Unnamed: 0,downtime,total duration,uptime by message gap
ajau,102.056111,3083.533333,0.966903
asei,101.501389,1888.533333,0.946254
atamali,2003.236389,2977.566667,0.327224
ayapo,2055.485278,3058.383333,0.327918
kensio,2053.530833,2452.666667,0.162735


In [4]:
def wpa_num_gaps_timestamp(energy_data):
    time_gaps = np.diff(energy_data.index.values) / np.timedelta64(1,'s')
    time_gaps = pd.Series(time_gaps)
    return len(time_gaps[time_gaps > 60.0])

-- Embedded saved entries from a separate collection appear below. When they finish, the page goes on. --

(* Let $k\ge5$, $m\ge0$, $d\ge0$ be integers with $d$ divisible by $4$. If $$m\ge \min\left\{\left\lceil \frac{(k+2)(k-3)}{2k}\right\rceil,\ \left\lceil \sqrt{2k+\tfrac14}-\tfrac32\right\rceil\right\}-1,$$ then $d_{so}(N,k)=m2^{k-1}+d+2$ for every integer $N$ with $m(2^k-1)+g(k,d+2)+1\le N\le m(2^k-1)+g(k,d+4)-1$.
   Context: $g(k,d)=\sum_{i=0}^{k-1}\lceil d/2^i\rceil$. $d_{so}(n,k)$ denotes the largest minimum distance among all binary self-orthogonal $[n,k]$ codes (a code $C$ is self-orthogonal if $C\subseteq C^\perp$). *)

theory Defs
  imports Complex_Main
begin

text \<open>Binary vectors of length n are bool lists of length n (True = 1).\<close>

definition vadd :: "bool list \<Rightarrow> bool list \<Rightarrow> bool list" where
  "vadd x y = map2 (\<noteq>) x y"

definition wt :: "bool list \<Rightarrow> nat" where
  "wt x = length (filter id x)"

definition orth :: "bool list \<Rightarrow> bool list \<Rightarrow> bool" where
  "orth x y = even (card {i. i < length x \<and> x ! i \<and> y ! i})"

definition lin_code :: "nat \<Rightarrow> nat \<Rightarrow> bool list set \<Rightarrow> bool" where
  "lin_code n k C \<longleftrightarrow> (\<forall>x\<in>C. length x = n) \<and> replicate n False \<in> C \<and>
     (\<forall>x\<in>C. \<forall>y\<in>C. vadd x y \<in> C) \<and> card C = 2 ^ k"

definition self_orth :: "bool list set \<Rightarrow> bool" where
  "self_orth C \<longleftrightarrow> (\<forall>x\<in>C. \<forall>y\<in>C. orth x y)"

definition so_code :: "nat \<Rightarrow> nat \<Rightarrow> bool list set \<Rightarrow> bool" where
  "so_code n k C \<longleftrightarrow> lin_code n k C \<and> self_orth C"

definition min_dist :: "bool list set \<Rightarrow> nat" where
  "min_dist C = Min {wt x | x. x \<in> C \<and> x \<noteq> replicate (length x) False}"

definition d_so :: "nat \<Rightarrow> nat \<Rightarrow> nat" where
  "d_so n k = Max {min_dist C | C. so_code n k C}"

definition g :: "nat \<Rightarrow> nat \<Rightarrow> nat" where
  "g k d = (\<Sum>i<k. nat \<lceil>real d / 2 ^ i\<rceil>)"

end

theory Submission
  imports Defs "Berlekamp_Zassenhaus.Distinct_Degree_Factorization"
begin

(* Upper bound: weights in a self-orthogonal code are even, so a minimum distance above the even
   number D = m 2^(k-1) + d + 2 forces all nonzero weights to be at least D + 2, and the Griesmer
   bound then needs length g(k, D + 2) = m (2^k - 1) + g(k, d + 4) > N.

   Lower bound: an anticode construction. Write d + 2 = q 2^(k-1) + 2^(k-1) - s with
   s = 2 + sum of 2^(k-1-c) over a set C of codimensions 1 <= c <= k - 3, and take M = m + q + 1
   copies of every nonzero column of GF(2)^k. Delete the column 1 twice and, for each c in C, the
   nonzero vectors of the subspace V_c of polynomials of degree < k divisible by an irreducible of
   degree c. A nonzero vector lies in at most m + 1 of the V_c, since the degrees of distinct
   irreducible factors sum to at most k - 1; this is where the hypothesis on m enters. Every
   codeword loses at most s from its weight M 2^(k-1), and all the pieces (GF(2)^k, the V_c, the
   doubled column) meet any two hyperplane sections evenly, so the code is self-orthogonal. *)

section \<open>Binary vectors\<close>

abbreviation zeros :: "nat \<Rightarrow> bool list" where
  "zeros n \<equiv> replicate n False"

definition vecs :: "nat \<Rightarrow> bool list set" where
  "vecs k = {xs. length xs = k}"

fun dot :: "bool list \<Rightarrow> bool list \<Rightarrow> bool" where
  "dot (a # as) (b # bs) = ((a \<and> b) \<noteq> dot as bs)"
| "dot _ _ = False"

lemma vadd_Cons [simp]: "vadd (a # x) (b # y) = (a \<noteq> b) # vadd x y"
  by (simp add: vadd_def)

lemma vadd_Nil [simp]: "vadd [] y = []" "vadd x [] = []"
  by (auto simp: vadd_def)

lemma length_vadd [simp]: "length (vadd x y) = min (length x) (length y)"
  by (simp add: vadd_def)

lemma vadd_self [simp]: "vadd x x = zeros (length x)"
  by (induction x) auto

lemma vadd_zeros_right [simp]: "length x = n \<Longrightarrow> vadd x (zeros n) = x"
  by (induction x arbitrary: n) auto

lemma vadd_zeros_left [simp]: "length x = n \<Longrightarrow> vadd (zeros n) x = x"
  by (induction x arbitrary: n) auto

lemma vadd_assoc: "vadd (vadd x y) z = vadd x (vadd y z)"
proof (induction x arbitrary: y z)
  case Nil
  then show ?case by simp
next
  case (Cons a x)
  then show ?case by (cases y; cases z) auto
qed

lemma vadd_eq_zeros_iff: "length x = length y \<Longrightarrow> vadd x y = zeros (length x) \<longleftrightarrow> x = y"
  by (induction x y rule: list_induct2) auto

lemma dot_comm: "dot u x = dot x u"
  by (induction u x rule: dot.induct) auto

lemma dot_vadd_right: "length x = length y \<Longrightarrow> dot u (vadd x y) = (dot u x \<noteq> dot u y)"
proof (induction x y arbitrary: u rule: list_induct2)
  case Nil
  then show ?case by simp
next
  case (Cons a x b y)
  then show ?case by (cases u) auto
qed

lemma dot_vadd_left: "length u = length v \<Longrightarrow> dot (vadd u v) x = (dot u x \<noteq> dot v x)"
  using dot_vadd_right[of u v x] by (simp add: dot_comm)

lemma dot_zeros_left [simp]: "dot (zeros n) x = False"
  by (induction n arbitrary: x) (auto, metis dot.simps list.exhaust replicate_Suc)

lemma dot_zeros_right [simp]: "dot x (zeros n) = False"
  using dot_comm dot_zeros_left by metis

lemma wt_Nil [simp]: "wt [] = 0"
  by (simp add: wt_def)

lemma wt_Cons [simp]: "wt (a # x) = (if a then Suc (wt x) else wt x)"
  by (simp add: wt_def)

lemma wt_eq_0_iff: "wt x = 0 \<longleftrightarrow> x = zeros (length x)"
  by (induction x) auto

lemma wt_le_length: "wt x \<le> length x"
  unfolding wt_def by (rule length_filter_le)

lemma vecs_eq_lists: "vecs k = {xs. set xs \<subseteq> UNIV \<and> length xs = k}"
  unfolding vecs_def by auto

lemma finite_vecs [simp]: "finite (vecs k)"
  using finite_lists_length_eq[of "UNIV :: bool set" k] by (simp add: vecs_eq_lists)

lemma card_vecs [simp]: "card (vecs k) = 2 ^ k"
  using card_lists_length_eq[of "UNIV :: bool set" k] by (simp add: vecs_eq_lists)

lemma zeros_in_vecs [simp]: "zeros k \<in> vecs k"
  by (simp add: vecs_def)

lemma vadd_in_vecs: "x \<in> vecs k \<Longrightarrow> y \<in> vecs k \<Longrightarrow> vadd x y \<in> vecs k"
  by (simp add: vecs_def)

section \<open>Codes given by column multiplicities\<close>

text \<open>A multiplicity function \<open>f\<close> on \<open>GF(2)^k\<close> describes the generator matrix with
  \<open>f x\<close> copies of each column \<open>x\<close>; \<open>encode k f u\<close> is the codeword of the message \<open>u\<close>.\<close>

definition vecs_list :: "nat \<Rightarrow> bool list list" where
  "vecs_list k = (SOME xs. set xs = vecs k \<and> distinct xs)"

lemma vecs_list: "set (vecs_list k) = vecs k" "distinct (vecs_list k)"
proof -
  have "\<exists>xs. set xs = vecs k \<and> distinct xs"
    by (rule finite_distinct_list) simp
  then have "set (vecs_list k) = vecs k \<and> distinct (vecs_list k)"
    unfolding vecs_list_def by (rule someI_ex)
  then show "set (vecs_list k) = vecs k" "distinct (vecs_list k)" by auto
qed

definition columns :: "nat \<Rightarrow> (bool list \<Rightarrow> nat) \<Rightarrow> bool list list" where
  "columns k f = concat (map (\<lambda>x. replicate (f x) x) (vecs_list k))"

def wpa_num_gaps_messages(messages):
    power_down = messages[messages['message']=='Power Down']
    power_up = messages[messages['message']=='Power Up']

    # first message should be a power down
    assert (power_down.index[0] < power_up.index[0]), 'first message not power down'
    # last message should be a power up
    assert (power_down.index[-1] < power_up.index[-1]), 'last message not power up'
    # should be same number of up and down messages
    assert (len(power_down) == len(power_up)), 'unequal up and down messages'

    return len(power_down)

def wpa_get_downtime_timestamps(energy_data):
    time_gaps = np.diff(energy_data.index.values) / np.timedelta64(1,'s')
    time_gaps = pd.Series(time_gaps)
    return time_gaps[time_gaps > 60.0].sum()


data = {}
for rdf in wpa.raw_file_data:
    energy_data = wpa.load_timeseries_file(rdf['village_name'] + '-clean.csv')
    messages = wpa.load_message_file(rdf['village_name'] + '-messages.csv')
    total_duration = wpa.get_total_duration(energy_data)
    data[rdf['village_name']] = {'total_duration':total_duration,
                                 'ts num gaps':wpa_num_gaps_timestamp(energy_data),
                                 'ts down hours':wpa_get_downtime_timestamps(energy_data)/3600,
                                'mess num gaps':wpa_num_gaps_messages(messages), 
                                'mess down hours':wpa.get_durations_messages(messages).sum()[0]}

data_table = pd.DataFrame(data).T
data_table['ts up hrs'] = data_table['total_duration'] - data_table['ts down hours']
data_table['mess up hrs'] = data_table['total_duration'] - data_table['mess down hours']
data_table

Unnamed: 0,mess down hours,mess num gaps,total_duration,ts down hours,ts num gaps,ts up hrs,mess up hrs
ajau,102.056111,112.0,3083.533333,134.866667,778.0,2948.666667,2981.477222
asei,101.501389,119.0,1888.533333,163.216667,215.0,1725.316667,1787.031944
atamali,2003.236389,98.0,2977.566667,2414.533333,233.0,563.033333,974.330278
ayapo,2055.485278,243.0,3058.383333,2351.683333,262.0,706.7,1002.898056
kensio,2053.530833,48.0,2452.666667,2234.316667,46.0,218.35,399.135833


While the downtime hours are within 10-20 percent, I believe this leads to large uptime discrepancies.

Also note there are far more timestamp gaps that could be skewing the numbers due to data issues rather than power issues.
Maybe I could indentify and gather statistics on these data gaps?

Maybe the hours lost on the month borders could lead to this 10-20 percent discrepancy?
Can I find the unmatched gaps directly?